# [Your instructions]
Find the string "lemma" in the data, and copy out each line that has it.

# [Dataset records]
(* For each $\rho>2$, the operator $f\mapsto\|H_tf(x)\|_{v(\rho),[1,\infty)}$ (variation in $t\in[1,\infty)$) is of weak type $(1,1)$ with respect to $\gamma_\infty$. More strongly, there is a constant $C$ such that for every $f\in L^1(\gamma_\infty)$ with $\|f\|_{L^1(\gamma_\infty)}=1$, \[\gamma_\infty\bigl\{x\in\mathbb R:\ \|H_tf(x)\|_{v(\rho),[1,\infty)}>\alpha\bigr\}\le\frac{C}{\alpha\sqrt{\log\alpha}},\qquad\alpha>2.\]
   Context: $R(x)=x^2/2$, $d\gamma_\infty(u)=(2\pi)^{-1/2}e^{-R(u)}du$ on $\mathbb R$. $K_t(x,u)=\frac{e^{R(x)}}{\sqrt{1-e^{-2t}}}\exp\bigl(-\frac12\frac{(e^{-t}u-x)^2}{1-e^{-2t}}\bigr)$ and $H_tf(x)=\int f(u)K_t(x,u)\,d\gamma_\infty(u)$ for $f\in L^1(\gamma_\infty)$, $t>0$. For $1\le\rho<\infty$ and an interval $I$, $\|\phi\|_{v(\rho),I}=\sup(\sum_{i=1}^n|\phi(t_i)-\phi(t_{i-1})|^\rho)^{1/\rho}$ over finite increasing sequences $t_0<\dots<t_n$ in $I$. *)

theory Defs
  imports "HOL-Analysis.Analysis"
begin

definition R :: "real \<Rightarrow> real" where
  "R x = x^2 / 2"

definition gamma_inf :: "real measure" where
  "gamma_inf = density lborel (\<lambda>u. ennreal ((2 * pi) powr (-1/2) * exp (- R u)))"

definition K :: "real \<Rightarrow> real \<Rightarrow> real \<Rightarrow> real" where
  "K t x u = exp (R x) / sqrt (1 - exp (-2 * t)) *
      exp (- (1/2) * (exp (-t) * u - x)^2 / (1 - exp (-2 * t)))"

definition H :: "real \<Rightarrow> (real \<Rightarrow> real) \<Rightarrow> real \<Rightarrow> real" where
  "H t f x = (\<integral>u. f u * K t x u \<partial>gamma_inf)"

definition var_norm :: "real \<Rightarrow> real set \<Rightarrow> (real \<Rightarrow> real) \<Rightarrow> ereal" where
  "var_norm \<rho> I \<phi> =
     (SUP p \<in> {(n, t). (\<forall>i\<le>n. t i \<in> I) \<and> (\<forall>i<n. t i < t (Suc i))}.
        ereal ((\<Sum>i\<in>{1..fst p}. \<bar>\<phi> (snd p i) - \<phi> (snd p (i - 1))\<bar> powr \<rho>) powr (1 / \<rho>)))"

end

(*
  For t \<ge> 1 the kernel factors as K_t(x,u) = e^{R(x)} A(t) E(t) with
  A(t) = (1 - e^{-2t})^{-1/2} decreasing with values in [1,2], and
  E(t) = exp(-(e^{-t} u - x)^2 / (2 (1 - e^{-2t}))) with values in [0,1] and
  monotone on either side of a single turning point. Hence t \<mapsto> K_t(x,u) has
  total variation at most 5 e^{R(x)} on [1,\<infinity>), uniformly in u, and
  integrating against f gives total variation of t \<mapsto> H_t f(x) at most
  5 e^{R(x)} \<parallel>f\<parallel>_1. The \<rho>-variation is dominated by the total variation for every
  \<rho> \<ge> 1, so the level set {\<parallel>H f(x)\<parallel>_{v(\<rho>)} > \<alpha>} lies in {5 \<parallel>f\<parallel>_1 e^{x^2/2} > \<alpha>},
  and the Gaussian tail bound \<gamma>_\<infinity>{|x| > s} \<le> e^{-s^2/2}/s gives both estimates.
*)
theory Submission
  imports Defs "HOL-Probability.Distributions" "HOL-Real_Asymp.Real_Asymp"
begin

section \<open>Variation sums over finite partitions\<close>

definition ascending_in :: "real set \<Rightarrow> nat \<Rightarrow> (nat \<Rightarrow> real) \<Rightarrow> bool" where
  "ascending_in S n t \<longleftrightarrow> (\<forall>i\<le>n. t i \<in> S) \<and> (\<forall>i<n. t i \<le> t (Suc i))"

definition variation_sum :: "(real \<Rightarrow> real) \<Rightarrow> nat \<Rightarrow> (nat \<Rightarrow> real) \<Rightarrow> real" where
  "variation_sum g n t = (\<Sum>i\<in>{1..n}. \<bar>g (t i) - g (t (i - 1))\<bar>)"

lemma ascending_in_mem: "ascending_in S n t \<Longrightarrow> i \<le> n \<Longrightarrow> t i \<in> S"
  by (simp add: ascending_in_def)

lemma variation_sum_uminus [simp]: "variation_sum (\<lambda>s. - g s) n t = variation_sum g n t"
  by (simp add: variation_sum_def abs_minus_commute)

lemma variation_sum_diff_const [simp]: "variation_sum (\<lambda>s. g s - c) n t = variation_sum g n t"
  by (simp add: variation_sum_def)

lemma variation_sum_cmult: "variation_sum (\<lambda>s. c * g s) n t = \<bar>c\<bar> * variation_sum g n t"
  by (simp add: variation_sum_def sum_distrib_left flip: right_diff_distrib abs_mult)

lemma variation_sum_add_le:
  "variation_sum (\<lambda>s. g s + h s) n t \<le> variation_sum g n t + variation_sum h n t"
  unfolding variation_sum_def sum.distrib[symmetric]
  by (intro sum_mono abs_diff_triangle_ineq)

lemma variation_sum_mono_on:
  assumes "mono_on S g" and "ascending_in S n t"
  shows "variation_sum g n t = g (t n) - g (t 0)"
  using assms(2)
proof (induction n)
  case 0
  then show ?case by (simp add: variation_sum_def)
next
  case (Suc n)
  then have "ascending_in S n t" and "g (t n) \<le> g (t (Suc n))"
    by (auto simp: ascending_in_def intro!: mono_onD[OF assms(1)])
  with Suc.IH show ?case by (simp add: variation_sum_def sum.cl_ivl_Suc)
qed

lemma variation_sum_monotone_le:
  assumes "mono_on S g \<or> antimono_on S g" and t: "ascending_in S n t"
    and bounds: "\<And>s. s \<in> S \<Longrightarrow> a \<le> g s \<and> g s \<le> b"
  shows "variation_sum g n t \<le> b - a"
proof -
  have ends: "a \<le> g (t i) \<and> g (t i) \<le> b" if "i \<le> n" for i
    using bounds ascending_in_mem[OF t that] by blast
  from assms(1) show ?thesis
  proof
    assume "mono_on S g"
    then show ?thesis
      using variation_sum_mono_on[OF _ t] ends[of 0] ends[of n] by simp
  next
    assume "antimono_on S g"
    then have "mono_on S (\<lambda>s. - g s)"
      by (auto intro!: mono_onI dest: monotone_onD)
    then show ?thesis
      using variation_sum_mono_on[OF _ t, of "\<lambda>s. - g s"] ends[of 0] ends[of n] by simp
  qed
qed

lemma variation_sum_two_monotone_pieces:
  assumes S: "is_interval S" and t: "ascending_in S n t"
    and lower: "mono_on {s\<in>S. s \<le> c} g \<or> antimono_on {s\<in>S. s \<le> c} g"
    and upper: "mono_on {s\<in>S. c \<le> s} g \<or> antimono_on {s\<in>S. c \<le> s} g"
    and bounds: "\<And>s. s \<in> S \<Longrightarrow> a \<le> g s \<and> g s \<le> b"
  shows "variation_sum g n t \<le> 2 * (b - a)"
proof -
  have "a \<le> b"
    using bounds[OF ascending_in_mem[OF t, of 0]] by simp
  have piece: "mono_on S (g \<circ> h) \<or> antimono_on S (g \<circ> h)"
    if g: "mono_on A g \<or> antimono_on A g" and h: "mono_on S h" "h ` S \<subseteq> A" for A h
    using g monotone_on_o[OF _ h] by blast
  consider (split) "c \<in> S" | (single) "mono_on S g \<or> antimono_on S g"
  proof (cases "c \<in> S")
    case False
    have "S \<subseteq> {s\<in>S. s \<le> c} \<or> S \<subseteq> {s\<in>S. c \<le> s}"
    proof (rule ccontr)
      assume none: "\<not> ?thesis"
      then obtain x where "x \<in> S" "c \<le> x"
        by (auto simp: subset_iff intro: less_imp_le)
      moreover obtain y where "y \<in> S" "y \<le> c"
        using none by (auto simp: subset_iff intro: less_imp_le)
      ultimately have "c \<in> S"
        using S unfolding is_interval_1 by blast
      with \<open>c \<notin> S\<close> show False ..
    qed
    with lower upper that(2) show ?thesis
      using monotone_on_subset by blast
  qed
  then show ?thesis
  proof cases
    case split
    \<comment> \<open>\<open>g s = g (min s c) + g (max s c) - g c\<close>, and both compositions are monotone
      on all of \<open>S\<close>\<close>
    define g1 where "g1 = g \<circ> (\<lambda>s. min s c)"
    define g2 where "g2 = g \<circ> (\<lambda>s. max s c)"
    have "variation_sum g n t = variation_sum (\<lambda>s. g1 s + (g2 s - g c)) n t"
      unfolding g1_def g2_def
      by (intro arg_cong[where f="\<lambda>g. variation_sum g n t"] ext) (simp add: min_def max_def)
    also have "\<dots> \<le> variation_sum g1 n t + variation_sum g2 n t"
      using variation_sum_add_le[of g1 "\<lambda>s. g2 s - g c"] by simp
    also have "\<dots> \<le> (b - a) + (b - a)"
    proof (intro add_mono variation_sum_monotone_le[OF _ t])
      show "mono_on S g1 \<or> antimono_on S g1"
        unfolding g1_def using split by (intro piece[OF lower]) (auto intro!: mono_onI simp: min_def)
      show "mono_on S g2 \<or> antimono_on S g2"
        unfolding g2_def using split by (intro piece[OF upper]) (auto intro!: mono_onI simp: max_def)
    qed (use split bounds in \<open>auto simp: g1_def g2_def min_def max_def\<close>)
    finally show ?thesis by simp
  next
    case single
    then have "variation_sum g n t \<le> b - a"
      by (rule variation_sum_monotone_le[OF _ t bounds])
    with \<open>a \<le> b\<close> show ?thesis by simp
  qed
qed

---

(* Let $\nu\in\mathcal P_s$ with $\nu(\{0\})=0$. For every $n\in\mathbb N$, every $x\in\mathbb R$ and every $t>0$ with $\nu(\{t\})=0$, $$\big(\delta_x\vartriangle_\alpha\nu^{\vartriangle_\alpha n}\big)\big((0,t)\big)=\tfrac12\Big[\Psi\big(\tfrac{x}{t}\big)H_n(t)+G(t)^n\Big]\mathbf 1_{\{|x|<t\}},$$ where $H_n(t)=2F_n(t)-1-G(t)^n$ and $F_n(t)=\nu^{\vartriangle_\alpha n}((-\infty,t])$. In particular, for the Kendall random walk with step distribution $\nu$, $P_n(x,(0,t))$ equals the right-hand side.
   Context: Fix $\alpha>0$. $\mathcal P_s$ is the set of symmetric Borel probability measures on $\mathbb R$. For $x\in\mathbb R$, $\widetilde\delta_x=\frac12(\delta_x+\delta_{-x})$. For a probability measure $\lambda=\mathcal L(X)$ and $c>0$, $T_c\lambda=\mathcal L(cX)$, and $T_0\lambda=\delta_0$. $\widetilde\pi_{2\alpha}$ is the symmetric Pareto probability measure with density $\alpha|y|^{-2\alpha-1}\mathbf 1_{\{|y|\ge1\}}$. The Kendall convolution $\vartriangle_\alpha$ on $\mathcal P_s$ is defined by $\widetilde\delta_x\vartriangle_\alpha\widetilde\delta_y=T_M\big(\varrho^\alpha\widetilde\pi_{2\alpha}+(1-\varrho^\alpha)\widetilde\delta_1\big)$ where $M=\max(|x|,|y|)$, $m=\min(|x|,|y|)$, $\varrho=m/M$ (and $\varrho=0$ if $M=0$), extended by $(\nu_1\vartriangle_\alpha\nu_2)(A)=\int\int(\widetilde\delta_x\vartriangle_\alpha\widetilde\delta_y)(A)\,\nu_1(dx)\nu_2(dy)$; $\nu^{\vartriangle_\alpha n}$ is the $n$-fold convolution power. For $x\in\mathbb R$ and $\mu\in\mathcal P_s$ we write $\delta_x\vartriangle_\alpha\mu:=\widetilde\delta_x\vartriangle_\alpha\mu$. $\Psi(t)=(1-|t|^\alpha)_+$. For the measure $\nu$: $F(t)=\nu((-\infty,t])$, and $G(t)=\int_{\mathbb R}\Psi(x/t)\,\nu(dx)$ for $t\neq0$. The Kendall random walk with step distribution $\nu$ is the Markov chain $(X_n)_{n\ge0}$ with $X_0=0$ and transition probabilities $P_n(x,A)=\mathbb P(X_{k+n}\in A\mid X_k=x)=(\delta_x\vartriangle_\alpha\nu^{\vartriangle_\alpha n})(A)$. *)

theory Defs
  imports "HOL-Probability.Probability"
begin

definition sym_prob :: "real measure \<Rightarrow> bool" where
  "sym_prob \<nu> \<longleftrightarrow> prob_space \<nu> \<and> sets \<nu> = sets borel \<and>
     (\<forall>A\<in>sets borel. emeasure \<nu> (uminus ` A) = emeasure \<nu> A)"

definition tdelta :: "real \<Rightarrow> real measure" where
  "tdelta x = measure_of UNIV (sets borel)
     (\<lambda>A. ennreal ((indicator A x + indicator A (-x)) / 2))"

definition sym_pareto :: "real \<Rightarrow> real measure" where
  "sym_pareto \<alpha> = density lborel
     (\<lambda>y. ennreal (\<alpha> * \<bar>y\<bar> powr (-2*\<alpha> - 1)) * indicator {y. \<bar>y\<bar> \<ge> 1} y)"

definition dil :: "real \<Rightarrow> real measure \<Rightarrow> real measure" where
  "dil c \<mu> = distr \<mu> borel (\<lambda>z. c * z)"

...

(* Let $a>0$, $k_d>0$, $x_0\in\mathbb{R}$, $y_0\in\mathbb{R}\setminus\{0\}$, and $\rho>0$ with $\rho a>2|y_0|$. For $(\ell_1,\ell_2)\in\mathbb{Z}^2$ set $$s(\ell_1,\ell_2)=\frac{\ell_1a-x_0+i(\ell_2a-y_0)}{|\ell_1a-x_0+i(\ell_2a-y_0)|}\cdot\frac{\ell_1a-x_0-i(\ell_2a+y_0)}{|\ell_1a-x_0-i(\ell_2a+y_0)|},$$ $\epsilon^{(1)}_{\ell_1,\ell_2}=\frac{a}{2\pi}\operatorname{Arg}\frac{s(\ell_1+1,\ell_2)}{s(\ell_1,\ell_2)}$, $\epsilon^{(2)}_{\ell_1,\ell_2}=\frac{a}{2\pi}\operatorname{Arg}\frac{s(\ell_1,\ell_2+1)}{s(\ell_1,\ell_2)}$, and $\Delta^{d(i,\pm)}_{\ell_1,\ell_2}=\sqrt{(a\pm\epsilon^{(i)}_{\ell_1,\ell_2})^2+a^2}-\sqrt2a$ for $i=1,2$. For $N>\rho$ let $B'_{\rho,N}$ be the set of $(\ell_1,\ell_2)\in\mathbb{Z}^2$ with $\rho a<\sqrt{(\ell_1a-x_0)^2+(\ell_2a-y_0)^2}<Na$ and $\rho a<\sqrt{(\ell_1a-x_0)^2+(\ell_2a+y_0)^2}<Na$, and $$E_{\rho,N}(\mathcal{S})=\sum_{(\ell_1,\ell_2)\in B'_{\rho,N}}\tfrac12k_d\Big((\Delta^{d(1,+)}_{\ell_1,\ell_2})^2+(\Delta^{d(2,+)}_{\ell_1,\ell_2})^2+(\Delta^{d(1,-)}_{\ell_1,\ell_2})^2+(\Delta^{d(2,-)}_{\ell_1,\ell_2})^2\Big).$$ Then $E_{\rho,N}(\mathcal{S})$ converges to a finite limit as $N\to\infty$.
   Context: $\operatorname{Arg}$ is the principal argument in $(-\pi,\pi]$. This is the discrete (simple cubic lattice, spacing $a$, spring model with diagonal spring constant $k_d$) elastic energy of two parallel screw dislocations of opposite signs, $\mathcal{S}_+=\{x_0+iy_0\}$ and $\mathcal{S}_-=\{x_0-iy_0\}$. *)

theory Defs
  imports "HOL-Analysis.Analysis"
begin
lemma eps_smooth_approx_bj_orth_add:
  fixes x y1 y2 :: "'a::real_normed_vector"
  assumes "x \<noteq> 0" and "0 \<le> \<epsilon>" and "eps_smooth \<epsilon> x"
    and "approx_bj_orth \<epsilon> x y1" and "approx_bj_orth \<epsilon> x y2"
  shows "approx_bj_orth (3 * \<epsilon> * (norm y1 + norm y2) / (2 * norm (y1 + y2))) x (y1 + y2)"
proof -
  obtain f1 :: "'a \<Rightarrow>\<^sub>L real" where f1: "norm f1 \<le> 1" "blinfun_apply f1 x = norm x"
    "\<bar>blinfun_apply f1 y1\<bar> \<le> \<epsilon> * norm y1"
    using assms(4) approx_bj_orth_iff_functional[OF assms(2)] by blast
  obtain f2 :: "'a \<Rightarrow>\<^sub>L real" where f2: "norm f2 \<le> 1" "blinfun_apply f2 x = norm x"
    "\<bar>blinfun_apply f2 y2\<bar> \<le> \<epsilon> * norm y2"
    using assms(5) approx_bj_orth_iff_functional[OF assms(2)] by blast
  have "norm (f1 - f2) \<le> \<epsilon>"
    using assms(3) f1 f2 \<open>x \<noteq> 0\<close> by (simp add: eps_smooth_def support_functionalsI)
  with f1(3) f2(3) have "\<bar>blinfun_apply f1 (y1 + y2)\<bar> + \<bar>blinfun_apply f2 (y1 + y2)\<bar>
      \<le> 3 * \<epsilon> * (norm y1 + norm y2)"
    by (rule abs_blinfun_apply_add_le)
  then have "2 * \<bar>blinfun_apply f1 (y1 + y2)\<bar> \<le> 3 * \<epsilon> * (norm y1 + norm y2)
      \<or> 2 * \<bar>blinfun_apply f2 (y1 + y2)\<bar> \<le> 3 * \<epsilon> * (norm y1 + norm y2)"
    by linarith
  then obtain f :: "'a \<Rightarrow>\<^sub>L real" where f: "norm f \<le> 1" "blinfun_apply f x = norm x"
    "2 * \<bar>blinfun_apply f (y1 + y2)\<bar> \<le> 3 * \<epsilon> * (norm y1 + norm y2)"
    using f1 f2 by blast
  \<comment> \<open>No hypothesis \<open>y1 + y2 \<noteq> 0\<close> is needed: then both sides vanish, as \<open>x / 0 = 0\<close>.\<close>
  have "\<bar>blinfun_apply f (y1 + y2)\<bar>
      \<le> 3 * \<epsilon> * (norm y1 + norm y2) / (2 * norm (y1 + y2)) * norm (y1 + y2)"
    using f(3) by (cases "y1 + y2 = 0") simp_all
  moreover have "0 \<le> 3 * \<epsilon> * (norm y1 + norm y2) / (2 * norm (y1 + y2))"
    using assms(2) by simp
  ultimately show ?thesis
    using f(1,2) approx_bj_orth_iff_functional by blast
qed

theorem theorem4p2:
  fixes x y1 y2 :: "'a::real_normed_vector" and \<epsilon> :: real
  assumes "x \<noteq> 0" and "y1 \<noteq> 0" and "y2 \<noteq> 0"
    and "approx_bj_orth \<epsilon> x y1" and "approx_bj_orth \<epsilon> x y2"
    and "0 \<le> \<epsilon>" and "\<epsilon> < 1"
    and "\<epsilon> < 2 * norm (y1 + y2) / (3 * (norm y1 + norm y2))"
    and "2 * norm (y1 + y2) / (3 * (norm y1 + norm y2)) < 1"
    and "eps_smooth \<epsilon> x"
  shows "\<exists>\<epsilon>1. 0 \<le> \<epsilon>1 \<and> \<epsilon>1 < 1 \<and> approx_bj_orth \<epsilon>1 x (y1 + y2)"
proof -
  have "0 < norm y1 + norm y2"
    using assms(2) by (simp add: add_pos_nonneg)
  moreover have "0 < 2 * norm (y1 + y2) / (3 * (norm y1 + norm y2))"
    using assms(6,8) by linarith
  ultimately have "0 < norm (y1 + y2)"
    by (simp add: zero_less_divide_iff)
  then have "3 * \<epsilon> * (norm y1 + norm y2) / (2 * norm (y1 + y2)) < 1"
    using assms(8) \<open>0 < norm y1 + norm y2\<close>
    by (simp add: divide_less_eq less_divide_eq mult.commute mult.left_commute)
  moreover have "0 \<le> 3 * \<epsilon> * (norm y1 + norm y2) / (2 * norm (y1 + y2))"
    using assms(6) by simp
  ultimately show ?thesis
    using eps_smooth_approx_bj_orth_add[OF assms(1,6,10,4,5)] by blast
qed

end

# [Output for this task]
lemma ascending_in_mem: "ascending_in S n t \<Longrightarrow> i \<le> n \<Longrightarrow> t i \<in> S"
lemma variation_sum_uminus [simp]: "variation_sum (\<lambda>s. - g s) n t = variation_sum g n t"
lemma variation_sum_diff_const [simp]: "variation_sum (\<lambda>s. g s - c) n t = variation_sum g n t"
lemma variation_sum_cmult: "variation_sum (\<lambda>s. c * g s) n t = \<bar>c\<bar> * variation_sum g n t"
lemma variation_sum_add_le:
lemma variation_sum_mono_on:
lemma variation_sum_monotone_le:
lemma variation_sum_two_monotone_pieces:
lemma eps_smooth_approx_bj_orth_add:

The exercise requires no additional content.